__DATA FOR THIS TASK__

(* Let $(X,d)$ be a compact metric space and $f_{1,\infty}=\{f_n\}_{n\ge1}$ a commutative sequence of continuous self-maps of $X$. The following are equivalent: (1) $(X,f_{1,\infty})$ is weakly mixing; (2) $(\mathcal{M}(X),\widetilde{f}_{1,\infty})$ is weakly mixing; (3) $(\mathcal{M}(X),\widetilde{f}_{1,\infty})$ is topologically transitive.
   Context: The family is commutative if $f_i\circ f_j=f_j\circ f_i$ for all $i,j$. Write $f_1^n=f_n\circ\cdots\circ f_1$. $\mathcal{M}(X)$ is the space of Borel probability measures on $X$ with the weak$^*$ topology, and $\widetilde{f}_1^n(\mu)(A)=\mu((f_1^n)^{-1}(A))$ for Borel $A$. A non-autonomous system $(Y,g_{1,\infty})$ is topologically transitive if for all non-empty open $U,V$ there is $n\in\mathbb{N}$ with $g_1^n(U)\cap V\ne\emptyset$, and weakly mixing if for all non-empty open $U_1,U_2,V_1,V_2$ there is $n\in\mathbb{N}$ with $g_1^n(U_i)\cap V_i\ne\emptyset$ for $i=1,2$. *)

theory Defs
  imports "HOL-Analysis.Analysis" "HOL-Probability.Probability_Measure"
begin

text \<open>The composed maps f_1^n = f_n o ... o f_1 (f_1^0 = id); the sequence is indexed from 1,
  the value f 0 is irrelevant.\<close>
primrec comp_seq :: "(nat \<Rightarrow> 'a \<Rightarrow> 'a) \<Rightarrow> nat \<Rightarrow> 'a \<Rightarrow> 'a" where
  "comp_seq f 0 = id"
| "comp_seq f (Suc n) = f (Suc n) \<circ> comp_seq f n"
lemma involution_value:
  assumes s: "s \<in> S2 n" and ss: "s \<circ> s = id"
  shows "Im (chi s) = 0" "\<bar>Re (chi s)\<bar> \<le> 1"
proof -
  define g where "g = (\<lambda>i::nat. if i = 0 then id else s)"
  have gS: "\<forall>i<2. g i \<in> S2inf" using S2_S2inf[OF s] S2_S2inf[OF id_S2] by (auto simp: g_def)
  have val: "(\<Sum>i<2. \<Sum>j<2. cnj (c i) * c j * chi (g i \<circ> inv (g j))) =
     cnj (c 0) * c 0 + cnj (c 0) * c 1 * chi s + cnj (c 1) * c 0 * chi s + cnj (c 1) * c 1" for c
    unfolding sum_lessThan_2_2 by (simp add: g_def inv_involution[OF ss] ss)
  have p1: "Im (2 + 2 * chi s) = 0" "Re (2 + 2 * chi s) \<ge> 0"
    using positive_definite_chiD[OF gS, of "\<lambda>_. 1"] unfolding val by simp_all
  have p2: "Re (2 - 2 * chi s) \<ge> 0"
    using positive_definite_chiD(2)[OF gS, of "\<lambda>i. if i = 0 then 1 else -1"] unfolding val by simp
  from p1 p2 show "Im (chi s) = 0" "\<bar>Re (chi s)\<bar> \<le> 1" by simp_all
qed

end

section \<open>Flips\<close>

definition depends_below :: "nat \<Rightarrow> point set \<Rightarrow> bool" where
  "depends_below N S \<longleftrightarrow> (\<forall>x y. (\<forall>i<N. x i = y i) \<longrightarrow> (x \<in> S \<longleftrightarrow> y \<in> S))"

definition ignores :: "nat set \<Rightarrow> point set \<Rightarrow> bool" where
  "ignores J S \<longleftrightarrow> (\<forall>x y. (\<forall>i. i \<notin> J \<longrightarrow> x i = y i) \<longrightarrow> (x \<in> S \<longleftrightarrow> y \<in> S))"

lemma depends_belowD: "depends_below N S \<Longrightarrow> \<forall>i<N. x i = y i \<Longrightarrow> x \<in> S \<longleftrightarrow> y \<in> S"
  by (simp add: depends_below_def)

lemma ignoresD: "ignores J S \<Longrightarrow> \<forall>i. i \<notin> J \<longrightarrow> x i = y i \<Longrightarrow> x \<in> S \<longleftrightarrow> y \<in> S"
  unfolding ignores_def by blast

lemma ignores_fun_upd: "ignores J S \<Longrightarrow> j \<in> J \<Longrightarrow> x(j := v) \<in> S \<longleftrightarrow> x \<in> S"
  by (erule ignoresD) auto

lemma ignores_subset: "ignores K S \<Longrightarrow> J \<subseteq> K \<Longrightarrow> ignores J S"
  unfolding ignores_def by blast

lemma depends_below_Int: "depends_below N A \<Longrightarrow> depends_below N B \<Longrightarrow> depends_below N (A \<inter> B)"
  unfolding depends_below_def by blast

lemma ignores_Int: "ignores J A \<Longrightarrow> ignores J B \<Longrightarrow> ignores J (A \<inter> B)"
  unfolding ignores_def by blast

definition block_cyl :: "nat \<Rightarrow> nat \<Rightarrow> bool list set \<Rightarrow> point set" where
  "block_cyl a b C = {x. map x [a..<b] \<in> C}"

lemma cyl_eq_block_cyl: "cyl K C = block_cyl 0 K C"
  by (simp add: cyl_def block_cyl_def)

lemma block_cyl_depends_below:
  assumes "b \<le> N"
  shows "depends_below N (block_cyl a b C)"
  unfolding depends_below_def
proof (intro allI impI)
  fix x y :: point assume "\<forall>i<N. x i = y i"
  with assms have e: "map x [a..<b] = map y [a..<b]" by (intro map_cong) auto
  show "x \<in> block_cyl a b C \<longleftrightarrow> y \<in> block_cyl a b C"
    unfolding block_cyl_def mem_Collect_eq e ..
qed

lemma block_cyl_ignores:
  assumes "\<forall>j\<in>J. j < a \<or> b \<le> j"
  shows "ignores J (block_cyl a b C)"
  unfolding ignores_def
proof (intro allI impI)
  fix x y :: point assume xy: "\<forall>i. i \<notin> J \<longrightarrow> x i = y i"
  have e: "map x [a..<b] = map y [a..<b]"
  proof (rule map_cong[OF refl])
    fix i assume "i \<in> set [a..<b]"
    with assms have "i \<notin> J" by auto
    with xy show "x i = y i" by blast
  qed
  show "x \<in> block_cyl a b C \<longleftrightarrow> y \<in> block_cyl a b C"
    unfolding block_cyl_def mem_Collect_eq e ..
qed

lemma cyl_depends_below: "K \<le> N \<Longrightarrow> depends_below N (cyl K C)"
  unfolding cyl_eq_block_cyl by (rule block_cyl_depends_below)

lemma cyl_ignores: "\<forall>j\<in>J. K \<le> j \<Longrightarrow> ignores J (cyl K C)"
  unfolding cyl_eq_block_cyl by (rule block_cyl_ignores) auto

lemma cyl_Int: "cyl K C1 \<inter> cyl K C2 = cyl K (C1 \<inter> C2)"
  by (auto simp: cyl_def)

lemma sA_involution:
  assumes "ignores {j} S"
  shows "sA S j \<circ> sA S j = id"
proof
  fix x
  show "(sA S j \<circ> sA S j) x = id x"
  proof (cases "x \<in> S")
    case False
    then have "x(j := \<not> x j) \<notin> S" using ignores_fun_upd[OF assms, of j x] by simp
    with False show ?thesis by (simp add: sA_def)
  qed (simp add: sA_def)
qed

lemma sA_S2:
  assumes S: "depends_below N S" and "j < N" and "ignores {j} S"
  shows "sA S j \<in> S2 N"
proof (rule S2I)
  show "bij (sA S j)" by (rule o_bij[OF sA_involution sA_involution]) fact+
  show "sA S j x i = x i" if "N \<le> i" for x i
    using that \<open>j < N\<close> by (simp add: sA_def)
  show "sA S j x i = sA S j y i" if xy: "\<forall>i<N. x i = y i" and "i < N" for x y i
  proof -
    have "x \<in> S \<longleftrightarrow> y \<in> S" by (rule depends_belowD[OF S xy])
    with xy \<open>i < N\<close> \<open>j < N\<close> show ?thesis by (simp add: sA_def)
  qed
qed

lemma sA_UNIV: "sA UNIV j = id"
  by (simp add: sA_def fun_eq_iff)

definition coord_perm :: "(nat \<Rightarrow> nat) \<Rightarrow> point \<Rightarrow> point" where
  "coord_perm \<sigma> x = x \<circ> \<sigma>"

lemma coord_perm_involution: "\<sigma> \<circ> \<sigma> = id \<Longrightarrow> coord_perm \<sigma> \<circ> coord_perm \<sigma> = id"
  by (simp add: coord_perm_def fun_eq_iff comp_assoc[symmetric] pointfree_idE)

lemma coord_perm_S2:
  assumes inv: "\<sigma> \<circ> \<sigma> = id" and hi: "\<forall>i\<ge>N. \<sigma> i = i"
  shows "coord_perm \<sigma> \<in> S2 N"
proof (rule S2I)
  show "bij (coord_perm \<sigma>)" by (rule o_bij[OF coord_perm_involution[OF inv] coord_perm_involution[OF inv]])
  show "coord_perm \<sigma> x i = x i" if "N \<le> i" for x i using hi that by (simp add: coord_perm_def)
  show "coord_perm \<sigma> x i = coord_perm \<sigma> y i" if xy: "\<forall>i<N. x i = y i" and "i < N" for x y i
  proof -
    \<comment> \<open>an involution fixing every \<open>i \<ge> N\<close> maps \<open>{..<N}\<close> into itself\<close>
    have "\<sigma> i < N"
    proof (rule ccontr)
      assume "\<not> \<sigma> i < N"
      then have "\<sigma> (\<sigma> i) = \<sigma> i" using hi by simp
      with fun_cong[OF inv, of i] \<open>i < N\<close> \<open>\<not> \<sigma> i < N\<close> show False by simp
    qed
    with xy show ?thesis by (simp add: coord_perm_def)
  qed
qed

definition swap_index :: "nat \<Rightarrow> nat \<Rightarrow> nat \<Rightarrow> nat" where
  "swap_index a b i = (if i = a then b else if i = b then a else i)"

lemma swap_index_involution: "swap_index a b \<circ> swap_index a b = id"
  by (auto simp: swap_index_def fun_eq_iff)

text \<open>Conjugation by this involution merges the flip of \<open>m\<close> off \<open>D\<close> followed by the
  flip of \<open>j\<close> off \<open>B\<close> into the single flip of \<open>j\<close> off \<open>B \<inter> D\<close>.\<close>

definition merge_flips :: "point set \<Rightarrow> point set \<Rightarrow> nat \<Rightarrow> nat \<Rightarrow> point \<Rightarrow> point" where
  "merge_flips B D j m x =
     (if x \<notin> B \<and> x \<notin> D then x(m := (x j \<noteq> x m))
      else if x \<in> B \<and> x \<notin> D then x(j := x m, m := x j) else x)"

__ASSIGNMENT__
Go through the data and show every line where "into" occurs.

__SOLUTION TO THE EXERCISE__
    \<comment> \<open>an involution fixing every \<open>i \<ge> N\<close> maps \<open>{..<N}\<close> into itself\<close>
  flip of \<open>j\<close> off \<open>B\<close> into the single flip of \<open>j\<close> off \<open>B \<inter> D\<close>.\<close>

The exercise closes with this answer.